## Directions
Your response should consist of the data that follows, repeated in full without alteration.

(Collected data)
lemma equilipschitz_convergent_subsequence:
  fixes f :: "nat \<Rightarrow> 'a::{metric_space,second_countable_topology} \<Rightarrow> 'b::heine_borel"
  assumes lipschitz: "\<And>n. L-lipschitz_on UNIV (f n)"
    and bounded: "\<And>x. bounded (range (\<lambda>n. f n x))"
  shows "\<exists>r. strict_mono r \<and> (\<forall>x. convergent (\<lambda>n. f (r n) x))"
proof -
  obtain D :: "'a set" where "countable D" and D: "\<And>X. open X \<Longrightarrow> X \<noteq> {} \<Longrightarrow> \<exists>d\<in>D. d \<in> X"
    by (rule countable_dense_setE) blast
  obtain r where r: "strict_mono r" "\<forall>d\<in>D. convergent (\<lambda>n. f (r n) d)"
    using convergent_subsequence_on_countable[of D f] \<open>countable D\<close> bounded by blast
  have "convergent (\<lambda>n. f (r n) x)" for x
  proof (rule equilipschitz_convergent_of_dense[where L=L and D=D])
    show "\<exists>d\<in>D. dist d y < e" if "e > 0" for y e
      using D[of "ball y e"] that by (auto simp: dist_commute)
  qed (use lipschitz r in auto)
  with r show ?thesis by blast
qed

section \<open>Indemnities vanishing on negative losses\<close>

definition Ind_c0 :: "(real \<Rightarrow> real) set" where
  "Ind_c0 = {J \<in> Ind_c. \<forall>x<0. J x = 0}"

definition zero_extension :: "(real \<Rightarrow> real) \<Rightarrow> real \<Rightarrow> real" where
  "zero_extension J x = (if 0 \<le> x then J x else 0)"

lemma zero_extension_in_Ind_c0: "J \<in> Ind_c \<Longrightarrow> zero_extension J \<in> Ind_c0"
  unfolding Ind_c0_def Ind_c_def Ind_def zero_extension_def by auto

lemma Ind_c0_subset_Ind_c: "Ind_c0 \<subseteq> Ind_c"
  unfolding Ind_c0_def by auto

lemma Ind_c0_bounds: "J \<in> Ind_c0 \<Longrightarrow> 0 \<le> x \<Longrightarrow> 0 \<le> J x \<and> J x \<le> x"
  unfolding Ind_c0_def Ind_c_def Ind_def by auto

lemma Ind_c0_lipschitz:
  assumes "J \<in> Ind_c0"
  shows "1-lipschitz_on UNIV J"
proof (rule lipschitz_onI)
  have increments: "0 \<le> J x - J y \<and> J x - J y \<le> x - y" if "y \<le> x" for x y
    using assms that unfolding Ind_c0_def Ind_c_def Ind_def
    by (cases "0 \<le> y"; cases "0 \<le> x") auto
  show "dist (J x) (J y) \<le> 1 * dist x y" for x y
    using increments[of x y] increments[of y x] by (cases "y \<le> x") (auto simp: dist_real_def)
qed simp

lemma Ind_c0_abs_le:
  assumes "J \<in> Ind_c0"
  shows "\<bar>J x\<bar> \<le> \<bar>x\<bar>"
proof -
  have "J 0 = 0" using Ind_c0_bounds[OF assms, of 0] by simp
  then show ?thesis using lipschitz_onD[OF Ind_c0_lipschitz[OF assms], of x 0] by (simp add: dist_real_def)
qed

## Result below
lemma equilipschitz_convergent_subsequence:
  fixes f :: "nat \<Rightarrow> 'a::{metric_space,second_countable_topology} \<Rightarrow> 'b::heine_borel"
  assumes lipschitz: "\<And>n. L-lipschitz_on UNIV (f n)"
    and bounded: "\<And>x. bounded (range (\<lambda>n. f n x))"
  shows "\<exists>r. strict_mono r \<and> (\<forall>x. convergent (\<lambda>n. f (r n) x))"
proof -
  obtain D :: "'a set" where "countable D" and D: "\<And>X. open X \<Longrightarrow> X \<noteq> {} \<Longrightarrow> \<exists>d\<in>D. d \<in> X"
    by (rule countable_dense_setE) blast
  obtain r where r: "strict_mono r" "\<forall>d\<in>D. convergent (\<lambda>n. f (r n) d)"
    using convergent_subsequence_on_countable[of D f] \<open>countable D\<close> bounded by blast
  have "convergent (\<lambda>n. f (r n) x)" for x
  proof (rule equilipschitz_convergent_of_dense[where L=L and D=D])
    show "\<exists>d\<in>D. dist d y < e" if "e > 0" for y e
      using D[of "ball y e"] that by (auto simp: dist_commute)
  qed (use lipschitz r in auto)
  with r show ?thesis by blast
qed

section \<open>Indemnities vanishing on negative losses\<close>

definition Ind_c0 :: "(real \<Rightarrow> real) set" where
  "Ind_c0 = {J \<in> Ind_c. \<forall>x<0. J x = 0}"

definition zero_extension :: "(real \<Rightarrow> real) \<Rightarrow> real \<Rightarrow> real" where
  "zero_extension J x = (if 0 \<le> x then J x else 0)"

lemma zero_extension_in_Ind_c0: "J \<in> Ind_c \<Longrightarrow> zero_extension J \<in> Ind_c0"
  unfolding Ind_c0_def Ind_c_def Ind_def zero_extension_def by auto

lemma Ind_c0_subset_Ind_c: "Ind_c0 \<subseteq> Ind_c"
  unfolding Ind_c0_def by auto

lemma Ind_c0_bounds: "J \<in> Ind_c0 \<Longrightarrow> 0 \<le> x \<Longrightarrow> 0 \<le> J x \<and> J x \<le> x"
  unfolding Ind_c0_def Ind_c_def Ind_def by auto

lemma Ind_c0_lipschitz:
  assumes "J \<in> Ind_c0"
  shows "1-lipschitz_on UNIV J"
proof (rule lipschitz_onI)
  have increments: "0 \<le> J x - J y \<and> J x - J y \<le> x - y" if "y \<le> x" for x y
    using assms that unfolding Ind_c0_def Ind_c_def Ind_def
    by (cases "0 \<le> y"; cases "0 \<le> x") auto
  show "dist (J x) (J y) \<le> 1 * dist x y" for x y
    using increments[of x y] increments[of y x] by (cases "y \<le> x") (auto simp: dist_real_def)
qed simp

lemma Ind_c0_abs_le:
  assumes "J \<in> Ind_c0"
  shows "\<bar>J x\<bar> \<le> \<bar>x\<bar>"
proof -
  have "J 0 = 0" using Ind_c0_bounds[OF assms, of 0] by simp
  then show ?thesis using lipschitz_onD[OF Ind_c0_lipschitz[OF assms], of x 0] by (simp add: dist_real_def)
qed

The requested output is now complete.